───── Information provided

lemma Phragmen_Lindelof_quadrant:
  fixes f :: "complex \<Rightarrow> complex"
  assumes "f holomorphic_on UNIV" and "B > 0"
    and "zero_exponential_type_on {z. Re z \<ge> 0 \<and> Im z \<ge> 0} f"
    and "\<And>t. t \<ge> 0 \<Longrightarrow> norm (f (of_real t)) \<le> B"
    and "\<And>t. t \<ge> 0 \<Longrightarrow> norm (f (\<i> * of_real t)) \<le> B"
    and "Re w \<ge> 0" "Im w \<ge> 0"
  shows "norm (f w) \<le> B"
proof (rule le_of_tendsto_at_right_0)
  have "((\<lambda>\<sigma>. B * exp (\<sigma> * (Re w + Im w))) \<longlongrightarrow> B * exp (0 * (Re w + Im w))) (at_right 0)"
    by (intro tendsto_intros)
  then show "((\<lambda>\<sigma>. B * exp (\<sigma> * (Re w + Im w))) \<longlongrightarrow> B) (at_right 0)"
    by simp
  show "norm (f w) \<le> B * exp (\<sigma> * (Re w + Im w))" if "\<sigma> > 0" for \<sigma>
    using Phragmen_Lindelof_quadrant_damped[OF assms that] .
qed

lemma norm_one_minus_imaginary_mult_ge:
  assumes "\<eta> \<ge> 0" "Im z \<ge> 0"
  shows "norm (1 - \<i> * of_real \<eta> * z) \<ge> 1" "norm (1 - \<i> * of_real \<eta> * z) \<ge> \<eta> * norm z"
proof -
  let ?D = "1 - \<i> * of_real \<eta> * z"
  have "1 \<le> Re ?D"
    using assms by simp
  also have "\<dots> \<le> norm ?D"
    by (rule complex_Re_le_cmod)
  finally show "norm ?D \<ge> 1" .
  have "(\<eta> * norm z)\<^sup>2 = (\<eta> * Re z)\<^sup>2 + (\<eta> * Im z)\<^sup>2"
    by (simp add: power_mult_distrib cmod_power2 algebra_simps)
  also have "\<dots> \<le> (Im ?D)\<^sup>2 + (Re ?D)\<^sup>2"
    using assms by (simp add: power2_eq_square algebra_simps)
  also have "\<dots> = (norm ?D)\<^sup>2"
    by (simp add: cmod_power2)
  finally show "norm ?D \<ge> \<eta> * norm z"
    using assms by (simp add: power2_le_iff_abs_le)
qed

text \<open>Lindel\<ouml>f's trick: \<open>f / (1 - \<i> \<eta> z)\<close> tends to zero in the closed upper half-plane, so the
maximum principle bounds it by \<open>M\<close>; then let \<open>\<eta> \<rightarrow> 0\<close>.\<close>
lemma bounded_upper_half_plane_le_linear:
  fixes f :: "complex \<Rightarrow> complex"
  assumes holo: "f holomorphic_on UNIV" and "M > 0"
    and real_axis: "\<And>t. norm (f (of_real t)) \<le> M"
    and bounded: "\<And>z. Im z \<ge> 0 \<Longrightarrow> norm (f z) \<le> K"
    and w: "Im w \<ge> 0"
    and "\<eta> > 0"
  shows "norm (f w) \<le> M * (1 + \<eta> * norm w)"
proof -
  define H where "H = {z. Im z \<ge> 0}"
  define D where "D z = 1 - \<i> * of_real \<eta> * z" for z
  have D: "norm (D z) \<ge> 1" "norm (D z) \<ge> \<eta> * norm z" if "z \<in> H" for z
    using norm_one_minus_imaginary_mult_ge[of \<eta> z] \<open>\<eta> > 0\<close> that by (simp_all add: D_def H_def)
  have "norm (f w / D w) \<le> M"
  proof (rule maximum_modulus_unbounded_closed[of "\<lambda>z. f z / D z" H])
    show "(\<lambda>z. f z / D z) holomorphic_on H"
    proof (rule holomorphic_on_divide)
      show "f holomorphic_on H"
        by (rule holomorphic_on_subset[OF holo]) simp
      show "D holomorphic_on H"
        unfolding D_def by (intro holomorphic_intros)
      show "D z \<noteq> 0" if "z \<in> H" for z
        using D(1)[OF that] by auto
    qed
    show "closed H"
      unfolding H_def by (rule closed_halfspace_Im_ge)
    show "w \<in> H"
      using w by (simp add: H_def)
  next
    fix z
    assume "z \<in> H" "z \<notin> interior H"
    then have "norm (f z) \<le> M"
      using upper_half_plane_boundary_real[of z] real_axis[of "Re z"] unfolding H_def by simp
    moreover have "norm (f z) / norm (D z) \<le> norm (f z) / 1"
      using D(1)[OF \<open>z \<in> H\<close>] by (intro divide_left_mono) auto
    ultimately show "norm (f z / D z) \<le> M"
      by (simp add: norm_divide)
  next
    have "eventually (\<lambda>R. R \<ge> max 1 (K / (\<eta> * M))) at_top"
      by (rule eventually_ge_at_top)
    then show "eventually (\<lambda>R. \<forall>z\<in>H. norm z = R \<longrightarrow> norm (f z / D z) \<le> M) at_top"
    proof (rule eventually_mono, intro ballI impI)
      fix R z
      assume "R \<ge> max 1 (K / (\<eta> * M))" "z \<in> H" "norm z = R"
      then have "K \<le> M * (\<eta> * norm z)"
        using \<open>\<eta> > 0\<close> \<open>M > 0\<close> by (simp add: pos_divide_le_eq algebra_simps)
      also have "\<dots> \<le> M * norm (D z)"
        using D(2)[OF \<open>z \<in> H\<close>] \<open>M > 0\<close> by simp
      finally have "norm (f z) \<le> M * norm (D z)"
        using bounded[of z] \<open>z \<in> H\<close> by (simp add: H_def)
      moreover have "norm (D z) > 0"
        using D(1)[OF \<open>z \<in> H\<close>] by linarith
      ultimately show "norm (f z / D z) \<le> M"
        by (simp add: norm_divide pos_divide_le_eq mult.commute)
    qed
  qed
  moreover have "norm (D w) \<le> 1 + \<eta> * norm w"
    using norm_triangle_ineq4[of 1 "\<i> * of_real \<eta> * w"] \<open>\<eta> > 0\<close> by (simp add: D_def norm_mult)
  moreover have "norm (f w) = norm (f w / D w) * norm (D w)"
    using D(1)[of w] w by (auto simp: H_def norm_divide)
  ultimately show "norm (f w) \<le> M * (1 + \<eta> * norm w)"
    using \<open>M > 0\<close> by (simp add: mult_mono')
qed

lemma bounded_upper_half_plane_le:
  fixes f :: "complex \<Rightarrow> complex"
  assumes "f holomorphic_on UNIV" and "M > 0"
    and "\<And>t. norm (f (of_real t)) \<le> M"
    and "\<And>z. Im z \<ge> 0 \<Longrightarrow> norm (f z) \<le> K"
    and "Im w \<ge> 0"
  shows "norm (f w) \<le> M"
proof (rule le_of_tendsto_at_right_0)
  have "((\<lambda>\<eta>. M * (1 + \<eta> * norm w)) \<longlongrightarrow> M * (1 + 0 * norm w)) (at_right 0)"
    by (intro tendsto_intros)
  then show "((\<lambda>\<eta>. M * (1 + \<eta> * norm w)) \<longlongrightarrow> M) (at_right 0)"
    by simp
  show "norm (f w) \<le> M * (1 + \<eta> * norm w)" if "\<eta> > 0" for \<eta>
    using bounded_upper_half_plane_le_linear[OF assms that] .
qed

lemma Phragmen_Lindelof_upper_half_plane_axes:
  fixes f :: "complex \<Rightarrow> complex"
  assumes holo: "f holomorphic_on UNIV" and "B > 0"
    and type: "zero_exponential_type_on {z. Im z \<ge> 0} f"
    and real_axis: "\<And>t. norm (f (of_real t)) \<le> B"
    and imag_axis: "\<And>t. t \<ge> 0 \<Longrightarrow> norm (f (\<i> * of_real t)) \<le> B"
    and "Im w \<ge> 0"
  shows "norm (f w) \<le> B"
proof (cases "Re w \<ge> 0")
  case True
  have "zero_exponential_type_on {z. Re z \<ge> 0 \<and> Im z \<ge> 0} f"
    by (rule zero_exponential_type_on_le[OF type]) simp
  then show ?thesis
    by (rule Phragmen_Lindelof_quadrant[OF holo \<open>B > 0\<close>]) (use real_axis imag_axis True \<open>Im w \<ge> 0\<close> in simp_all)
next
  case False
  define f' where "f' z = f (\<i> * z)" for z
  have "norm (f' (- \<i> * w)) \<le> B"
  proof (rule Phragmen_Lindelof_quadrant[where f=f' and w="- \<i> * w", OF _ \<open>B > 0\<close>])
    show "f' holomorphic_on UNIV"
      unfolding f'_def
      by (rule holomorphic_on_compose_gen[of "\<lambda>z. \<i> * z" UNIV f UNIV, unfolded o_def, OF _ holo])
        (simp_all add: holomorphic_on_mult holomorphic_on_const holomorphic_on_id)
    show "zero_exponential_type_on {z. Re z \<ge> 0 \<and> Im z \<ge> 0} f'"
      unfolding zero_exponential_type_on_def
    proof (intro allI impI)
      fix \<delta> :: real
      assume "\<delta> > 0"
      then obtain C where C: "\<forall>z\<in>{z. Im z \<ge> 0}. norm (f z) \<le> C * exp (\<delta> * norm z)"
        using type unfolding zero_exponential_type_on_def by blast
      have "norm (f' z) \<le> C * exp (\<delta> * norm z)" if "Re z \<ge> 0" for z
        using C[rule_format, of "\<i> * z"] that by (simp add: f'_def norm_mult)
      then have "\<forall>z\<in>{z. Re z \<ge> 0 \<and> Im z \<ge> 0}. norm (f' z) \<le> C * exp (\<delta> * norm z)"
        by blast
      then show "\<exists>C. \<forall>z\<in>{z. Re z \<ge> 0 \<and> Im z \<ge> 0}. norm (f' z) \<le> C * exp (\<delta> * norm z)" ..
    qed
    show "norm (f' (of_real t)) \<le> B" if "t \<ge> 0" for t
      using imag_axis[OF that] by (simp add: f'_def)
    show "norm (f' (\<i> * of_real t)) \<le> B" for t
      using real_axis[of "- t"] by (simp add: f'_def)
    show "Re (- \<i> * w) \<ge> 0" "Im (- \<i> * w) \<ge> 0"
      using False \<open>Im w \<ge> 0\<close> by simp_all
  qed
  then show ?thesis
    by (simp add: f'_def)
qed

──────────

* _Exercise requirements_
Look above for the line holding "proof (rule eventually_mono, intro" and the line holding "(f z) \<le> M *", then output exactly those two lines and every line between them, nothing more.

* _Written solution_
    proof (rule eventually_mono, intro ballI impI)
      fix R z
      assume "R \<ge> max 1 (K / (\<eta> * M))" "z \<in> H" "norm z = R"
      then have "K \<le> M * (\<eta> * norm z)"
        using \<open>\<eta> > 0\<close> \<open>M > 0\<close> by (simp add: pos_divide_le_eq algebra_simps)
      also have "\<dots> \<le> M * norm (D z)"
        using D(2)[OF \<open>z \<in> H\<close>] \<open>M > 0\<close> by simp
      finally have "norm (f z) \<le> M * norm (D z)"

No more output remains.